Both the Liga 1 and the Liga 2 Indonesia were suspended for two weeks underneath the order of Indonesia President Joko Widodo, while a special taskforce spearheaded by Mahfud MD, the Coordinating Minister for Political, Legal, and Security Affairs of Indonesia, was formed to investigate the tragedy. Additionally, Indonesia’s campaign in the AFC U-17 Asian Cup qualifiers was held behind closed doors at the Pakansari Stadium as a safety precaution.

The Indonesian Police received massive public outcry as Indonesians were outraged by their heavy-handed approach in handling the pitch invasion. Numerous anti-police messages were graffitied to the Kanjuruhan Stadium walls, alongside messages of condolences towards the victims and support towards the survivors. Numerous vigils were held across Indonesia on Monday to remember the victims, with protests demanding the police’s accountability accompanying them. An internal investigation held by the Indonesian Police saw the Malang Chief of Police being sacked, while 18 Mobile Brigade members are being investigated for their conduct after the Arema-Persebaya match.

Clubs and supporters alike within Indonesia united together in remembrance of the fallen 125 people. With the league being suspended for the time being, Arema’s league rivals gathered at their respective stadiums and held vigils to respect those who had lost their lives, a similar vigil was also held by Arema at the Kanjuruhan. The Singo Edan‘s management, coaching staff, and players could not hide their sadness as an air of solemnness hung over the stadium.

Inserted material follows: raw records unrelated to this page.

(* For integers $m\ge1$, $n\ge2$, $$\sum_{k=1}^{n-1}\cot^{2m}\frac{k\pi}{n}=(-1)^m(n-1)-\frac{1}{(2m-1)!}\sum_{k=1}^m(-1)^kA_{2m}^{(2k)}\frac{4^kB_{2k}}{2k}\,(n^{2k}-1).$$
   Context: The arctangent numbers $A_m^{(k)}$ are defined by $\frac{(\arctan z)^k}{k!}=\sum_{m\ge k}\frac{A_m^{(k)}}{m!}z^m$. $B_j$ are the Bernoulli numbers, $\frac{z}{e^z-1}=\sum_{j\ge0}\frac{B_j}{j!}z^j$ (so $B_2=1/6$). *)

theory Defs
  imports "HOL-Analysis.Analysis" "HOL-Computational_Algebra.Formal_Power_Series"
begin

text \<open>Arctangent numbers: (arctan z)^k / k! = sum_{m} A m k / m! z^m, i.e.
  A m k is m! times the m-th Taylor coefficient at 0, which is the m-th derivative at 0.\<close>
definition arctan_num :: "nat \<Rightarrow> nat \<Rightarrow> real" where
  "arctan_num m k = (deriv ^^ m) (\<lambda>x::real. arctan x ^ k / fact k) 0"

text \<open>Bernoulli numbers via z/(e^z - 1) = sum_j B_j / j! z^j (so B_1 = -1/2).\<close>
definition bernoulli_num :: "nat \<Rightarrow> real" where
  "bernoulli_num j = fact j * fps_nth (fps_X / (fps_exp 1 - 1)) j"

end

theory Submission
  imports Defs
begin

text \<open>
  The numbers x_k = cot (k pi / n), 0 < k < n, are the n - 1 roots of (x + i)^n - (x - i)^n, so
  Q(z) = prod_k (1 - x_k z) satisfies 2 i n z Q(z) = (1 + i z)^n - (1 - i z)^n, and the power sums
  of the x_k are the coefficients of S(z) = sum_k 1 / (1 - x_k z) = (n - 1) - z Q'(z) / Q(z).
  With z = tan t this becomes (1 + z^2) S(z) = (n - 1) - z (n cot (n t) - cot t), and
  n cot (n t) - cot t is the derivative of ln (sin (n t) / (n sin t)), whose Taylor coefficients
  are Bernoulli numbers. So S is (n - 1) arctan' minus z times the derivative of a Bernoulli series
  composed with arctan, and its coefficient of z^(2m) involves the coefficients of the powers
  arctan^(2k), i.e. the arctangent numbers. Everything is done with formal power series: the
  substitution z = tan t becomes composition with the arctan series, and the trigonometry is
  replaced by the identity exp (2 i arctan z) = (1 + i z) / (1 - i z).
\<close>

section \<open>The arctangent series\<close>

text \<open>The library version of this, \<open>fps_nth_fps_expansion\<close>, is stated for complex
  functions only.\<close>

lemma fps_nth_eq_higher_deriv:
  fixes f :: "'a::{banach, real_normed_field} \<Rightarrow> 'a"
  assumes "f has_fps_expansion F"
  shows "fps_nth F n = (deriv ^^ n) f 0 / fact n"
  using assms
proof (induction n arbitrary: f F)
  case 0
  then have "eventually (\<lambda>z. eval_fps F z = f z) (nhds 0)"
    by (auto simp: has_fps_expansion_def)
  then have "eval_fps F 0 = f 0"
    by (rule eventually_nhds_x_imp_x)
  then show ?case by (simp add: eval_fps_at_0)
next
  case (Suc n)
  have "fps_nth (fps_deriv F) n = (deriv ^^ n) (deriv f) 0 / fact n"
    using Suc.prems by (intro Suc.IH has_fps_expansion_deriv)
  then show ?case
    unfolding funpow_Suc_right o_def by (simp add: field_split_simps del: of_nat_Suc)
qed

definition arctan_fps :: "'a::field_char_0 fps" where
  "arctan_fps = Abs_fps (\<lambda>j. if odd j then (-1) ^ (j div 2) / of_nat j else 0)"

lemma arctan_fps_nth_0 [simp]: "fps_nth arctan_fps 0 = 0"
  by (simp add: arctan_fps_def)

lemma fps_nth_deriv_arctan_fps:
  "fps_nth (fps_deriv arctan_fps) j = (if even j then (-1) ^ (j div 2) else 0 :: 'a::field_char_0)"
  by (auto simp: arctan_fps_def simp del: of_nat_Suc)

lemma arctan_fps_deriv: "(1 + fps_X ^ 2) * fps_deriv arctan_fps = (1 :: 'a::field_char_0 fps)"
proof (rule fps_ext)
  fix j
  show "fps_nth ((1 + fps_X ^ 2) * fps_deriv arctan_fps) j = fps_nth (1 :: 'a fps) j"
  proof (cases "j < 2")
    case True
    then have "j = 0 \<or> j = 1" by auto
    then show ?thesis
      by (auto simp: distrib_right fps_X_power_mult_nth fps_nth_deriv_arctan_fps arctan_fps_def)
  next
    case False
    then obtain i where "j = i + 2"
      by (metis add.commute le_Suc_ex not_less)
    then show ?thesis
      by (auto simp: distrib_right fps_X_power_mult_nth fps_nth_deriv_arctan_fps
               simp del: fps_deriv_nth elim!: evenE)
  qed
qed

lemma arctan_has_fps_expansion: "arctan has_fps_expansion arctan_fps"
proof (rule has_fps_expansionI)
  have "eventually (\<lambda>u::real. u \<in> ball 0 1) (nhds 0)"
    by (intro eventually_nhds_in_open) auto
  then show "\<forall>\<^sub>F u in nhds 0. (\<lambda>j. fps_nth arctan_fps j * u ^ j) sums arctan u"
  proof eventually_elim
    case (elim u)
    then have "\<bar>u\<bar> \<le> 1" by simp
    then have "(\<lambda>k. (-1) ^ k * (1 / real (k * 2 + 1) * u ^ (k * 2 + 1))) sums arctan u"
      using summable_arctan_series arctan_series by (simp add: sums_iff)
    from sums_if'[OF this] show ?case
      by (rule sums_cong[THEN iffD1, rotated]) (auto simp: arctan_fps_def elim!: oddE)
  qed
qed

lemma arctan_num_conv_fps_nth:
  "arctan_num m k = fact m / fact k * fps_nth (arctan_fps ^ k) m"
proof -
  have "(\<lambda>x. arctan x ^ k) has_fps_expansion arctan_fps ^ k"
    by (induction k) (auto intro: has_fps_expansion_mult[OF arctan_has_fps_expansion])
  then have "(\<lambda>x. arctan x ^ k * (1 / fact k))
      has_fps_expansion arctan_fps ^ k * fps_const (1 / fact k)"
    by (intro fps_expansion_intros)
  from fps_nth_eq_higher_deriv[OF this, of m] show ?thesis
    by (simp add: arctan_num_def field_simps)
qed

lemma fps_eq_0_if_deriv_eq_mult:
  fixes Y A :: "'a::{idom, semiring_char_0} fps"
  assumes "fps_deriv Y = A * Y" and "fps_nth Y 0 = 0"
  shows "Y = 0"
proof (rule ccontr)
  assume "Y \<noteq> 0"
  define d where "d = subdegree Y"
  have "fps_nth Y d \<noteq> 0"
    using \<open>Y \<noteq> 0\<close> by (simp add: d_def)
  then have "d > 0"
    using assms(2) by (intro gr0I) auto
  have "fps_nth (A * Y) (d - 1) = 0"
    using \<open>d > 0\<close>
    by (auto simp: fps_mult_nth d_def intro!: sum.neutral nth_less_subdegree_zero)
  moreover have "fps_nth (fps_deriv Y) (d - 1) = of_nat d * fps_nth Y d"
    using \<open>d > 0\<close> by simp
  ultimately show False
    using assms(1) \<open>d > 0\<close> \<open>fps_nth Y d \<noteq> 0\<close> by simp
qed
(* Let $S: x=x(u,v)$, $(u,v)\in\mathcal D$, be a strongly regular Weingarten surface parameterized by principal parameters. Then $(u,v)$ are geometric principal parameters if and only if $\sqrt{EG}\,(\nu_1-\nu_2)$ is constant.
   Context: For a surface $x=x(u,v)$ without umbilical points parameterized by principal parameters ($F=M=0$, with $E,F,G$, $L,M,N$ the coefficients of the first and second fundamental forms): $\nu_1=L/E$, $\nu_2=N/G$, $\gamma_1=-\frac{E_v}{2E\sqrt G}$, $\gamma_2=\frac{G_u}{2G\sqrt E}$. The surface is strongly regular if $(\nu_1-\nu_2)\gamma_1\gamma_2\neq0$, with the convention $\nu_1-\nu_2>0$. A strongly regular surface is Weingarten if there exist differentiable $f(\nu),g(\nu)$, $\nu\in\mathcal I\subseteq\mathbb R$, with $f-g>0$, $f'g'\neq0$, and a differentiable $\nu(u,v)\in\mathcal I$ with $\nu_u\nu_v\neq0$, such that $\nu_1=f(\nu)$, $\nu_2=g(\nu)$. With $\Phi$ an antiderivative of $f'/(f-g)$ and $\Psi$ an antiderivative of $g'/(g-f)$, put $\lambda=\ln\sqrt E+\Phi(\nu)$ and $\mu=\ln\sqrt G+\Psi(\nu)$. Principal parameters are geometric principal parameters if $\lambda$ and $\mu$ are constants. *)

theory Defs
  imports "HOL-Analysis.Analysis"
begin

definition pu :: "(real \<times> real \<Rightarrow> 'a::real_normed_vector) \<Rightarrow> real \<times> real \<Rightarrow> 'a" where
  "pu f p = vector_derivative (\<lambda>s. f (s, snd p)) (at (fst p))"

definition pv :: "(real \<times> real \<Rightarrow> 'a::real_normed_vector) \<Rightarrow> real \<times> real \<Rightarrow> 'a" where
  "pv f p = vector_derivative (\<lambda>t. f (fst p, t)) (at (snd p))"
section \<open>Lifting homomorphisms out of \<open>M\<close>\<close>

text \<open>The definition of projectivity only speaks about modules with carrier in
  \<open>('r \<times> 'm) list\<close>; transporting along injections makes it available for modules
  that embed into that type.\<close>
lemma proj_sigma_lift_transport:
  fixes M :: "('r::{ring,monoid_mult}, 'm) lmodule" and A :: "('r, 'a) lmodule"
    and B :: "('r, 'b) lmodule" and \<phi> :: "'a \<Rightarrow> ('r \<times> 'm) list" and \<psi> :: "'b \<Rightarrow> ('r \<times> 'm) list"
  assumes proj: "proj_sigma M" and lmA: "is_lmodule A" and lmB: "is_lmodule B"
    and \<phi>: "inj_on \<phi> (mcar A)" and \<psi>: "inj_on \<psi> (mcar B)"
    and sigA: "in_sigma M (transport A \<phi>)" and sigB: "in_sigma M (transport B \<psi>)"
    and g: "hom A B g" and onto: "g ` mcar A = mcar B" and f: "hom M B f"
  shows "\<exists>h. hom M A h \<and> (\<forall>m\<in>mcar M. g (h m) = f m)"
proof -
  define iv where "iv = the_inv_into (mcar A) \<phi>"
  have iv: "hom (transport A \<phi>) A iv" unfolding iv_def using transport_inv_hom[OF lmA \<phi>] .
  have g': "hom (transport A \<phi>) (transport B \<psi>) (\<psi> \<circ> g \<circ> iv)"
    using hom_comp[OF hom_comp[OF iv g] transport_hom[OF lmB \<psi>]] by (simp add: comp_assoc)
  have "iv ` mcar (transport A \<phi>) = mcar A"
    unfolding iv_def transport_simps using the_inv_into_onto[OF \<phi>] .
  then have onto': "(\<psi> \<circ> g \<circ> iv) ` mcar (transport A \<phi>) = mcar (transport B \<psi>)"
    using onto unfolding transport_simps by (metis image_comp)
  have f': "hom M (transport B \<psi>) (\<psi> \<circ> f)" using hom_comp[OF f transport_hom[OF lmB \<psi>]] .
  obtain h' where h': "hom M (transport A \<phi>) h'" "\<forall>m\<in>mcar M. (\<psi> \<circ> g \<circ> iv) (h' m) = (\<psi> \<circ> f) m"
    using proj[unfolded proj_sigma_def, rule_format, of "transport A \<phi>" "transport B \<psi>"]
      transport_lm[OF lmA \<phi>] transport_lm[OF lmB \<psi>] sigA sigB g' onto' f' by blast
  have h: "hom M A (iv \<circ> h')" using hom_comp[OF h'(1) iv] .
  have "g ((iv \<circ> h') m) = f m" if m: "m \<in> mcar M" for m
  proof -
    have "g ((iv \<circ> h') m) \<in> mcar B" "f m \<in> mcar B" using homD(1)[OF g] homD(1)[OF h m] homD(1)[OF f m] by auto
    then show ?thesis using h'(2) m \<psi> by (auto dest: inj_onD)
  qed
  then show ?thesis using h by blast
qed
(* Let $\Omega=[-r,r]$, let $s>0$ and let $K$ satisfy the hypotheses (iii) or (iv) listed in the context (with this $s$). Let $\Omega_1,\dots,\Omega_N\subset\Omega$ be pairwise disjoint intervals with ${\rm diam}(\Omega_j)>4+2s$ for each $j$ and ${\rm dist}(\Omega_j,\Omega_k)>2$ for $j\neq k$. Then for every choice of signs $i_1,\dots,i_N\in\{-1,1\}$ there exists a stationary solution $u\in L^2(\Omega)$ of $u_t=-u+f(Tu)$ (i.e. $u=f(Tu)$ a.e.) such that $u|_{\Omega_j}\equiv i_j$ for every $j$.
   Context: $K:\mathbb{R}\to\mathbb{R}$ is bounded and even; $K_+=\max(K,0)$, $K_-=\max(-K,0)$. Hypothesis (iii): ${\rm supp}(K_+)=[-2,2]$, ${\rm supp}(K_-)=[-2-s,-2]\cup[2,2+s]$, $K_+$ nonincreasing on $(0,\infty)$, $\int_0^2K_+\ge1+\int_{\mathbb{R}}K_-$. Hypothesis (iv): same supports, $K_+$ nonincreasing on $(0,\infty)$, $\int_0^2K_+\ge1+\int_2^{2+s}K_-$, and $\int_0^xK_+\ge\int_2^{2+x}K_-$ for all $x\in[0,2]$. $f$ is the saturation function $f(x)=1$ for $x>1$, $f(x)=x$ for $x\in[-1,1]$, $f(x)=-1$ for $x<-1$. For $u\in L^2(\Omega)$, $Tu(x)=\int_{\mathbb{R}}K(x-y)\widetilde u(y)\,dy$ for $x\in\Omega$, where $\widetilde u$ is the extension of $u$ by $0$ outside $\Omega$. *)

theory Defs
  imports "HOL-Analysis.Analysis"
begin

definition posp :: "(real \<Rightarrow> real) \<Rightarrow> real \<Rightarrow> real" where
  "posp K x = max (K x) 0"

definition negp :: "(real \<Rightarrow> real) \<Rightarrow> real \<Rightarrow> real" where
  "negp K x = max (- K x) 0"

definition supp :: "(real \<Rightarrow> real) \<Rightarrow> real set" where
  "supp g = closure {x. g x \<noteq> 0}"

definition hyp_iii :: "(real \<Rightarrow> real) \<Rightarrow> real \<Rightarrow> bool" where
  "hyp_iii K s \<longleftrightarrow>
     supp (posp K) = {-2..2} \<and>
     supp (negp K) = {-2-s..-2} \<union> {2..2+s} \<and>
     antimono_on {0<..} (posp K) \<and>
     (LBINT x=0..2. posp K x) \<ge> 1 + (LBINT x. negp K x)"

definition hyp_iv :: "(real \<Rightarrow> real) \<Rightarrow> real \<Rightarrow> bool" where
  "hyp_iv K s \<longleftrightarrow>
     supp (posp K) = {-2..2} \<and>
     supp (negp K) = {-2-s..-2} \<union> {2..2+s} \<and>
     antimono_on {0<..} (posp K) \<and>
     (LBINT x=0..2. posp K x) \<ge> 1 + (LBINT x=2..2+s. negp K x) \<and>
     (\<forall>x\<in>{0..2}. (LBINT y=0..x. posp K y) \<ge> (LBINT y=2..2+x. negp K y))"

definition sat :: "real \<Rightarrow> real" where
  "sat x = (if x > 1 then 1 else if x < -1 then -1 else x)"

definition Top :: "(real \<Rightarrow> real) \<Rightarrow> real set \<Rightarrow> (real \<Rightarrow> real) \<Rightarrow> real \<Rightarrow> real" where
  "Top K \<Omega> u x = (LINT y|lborel. K (x - y) * indicator \<Omega> y * u y)"

definition L2_on :: "real set \<Rightarrow> (real \<Rightarrow> real) \<Rightarrow> bool" where
  "L2_on \<Omega> u \<longleftrightarrow> set_borel_measurable lborel \<Omega> u \<and>
      set_integrable lborel \<Omega> (\<lambda>x. (u x)\<^sup>2)"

Bonek, Persebaya’s notoriously fanatical supporters group, held a heartfelt vigil at Surabaya’s Tugu Pahlawan on Monday, where they vowed that they will forgo their age-long grudge towards the Aremania, Arema’s own supporters group, for the sake of a better tomorrow.

“Rivalries only last for 90 minutes, after that we’re all brothers again,” said Bonek member Hussein Ghozali, as quoted from detikSport, “Let this incident be the last one.”

A similar “burying-the-hatchet move” was done by supporters of PSIM Yogyakarta, PSS Sleman, and Persis Solo on Monday, where the three rivaling supporters group vowed to eliminate the hate between them for the greater good.

Arema head coach Javier Roca revealed to Spanish broadcaster Caderna Ser that the incident left him “mentally scarred.” The Chilean said that he and his Arema players helped the victims of the crush into the dressing rooms and he saw a number of Arema supporters dying in the arms of his players. Roca also felt that the police has “overstepped their mark” in controlling the crowd, which led to the tragedy.

A similarly harrowing account was shared by Arema defender Sergio Silva to Portuguese newspaper A Bola.

“I can only mention a terrifying scenario,” Sergio said, “Police cars on fire, everything broken, corridors with blood, people’s shoes. People were desperate, they had seen people die and were trying to escape.”

A thorough investigation to the tragedy is still ongoing.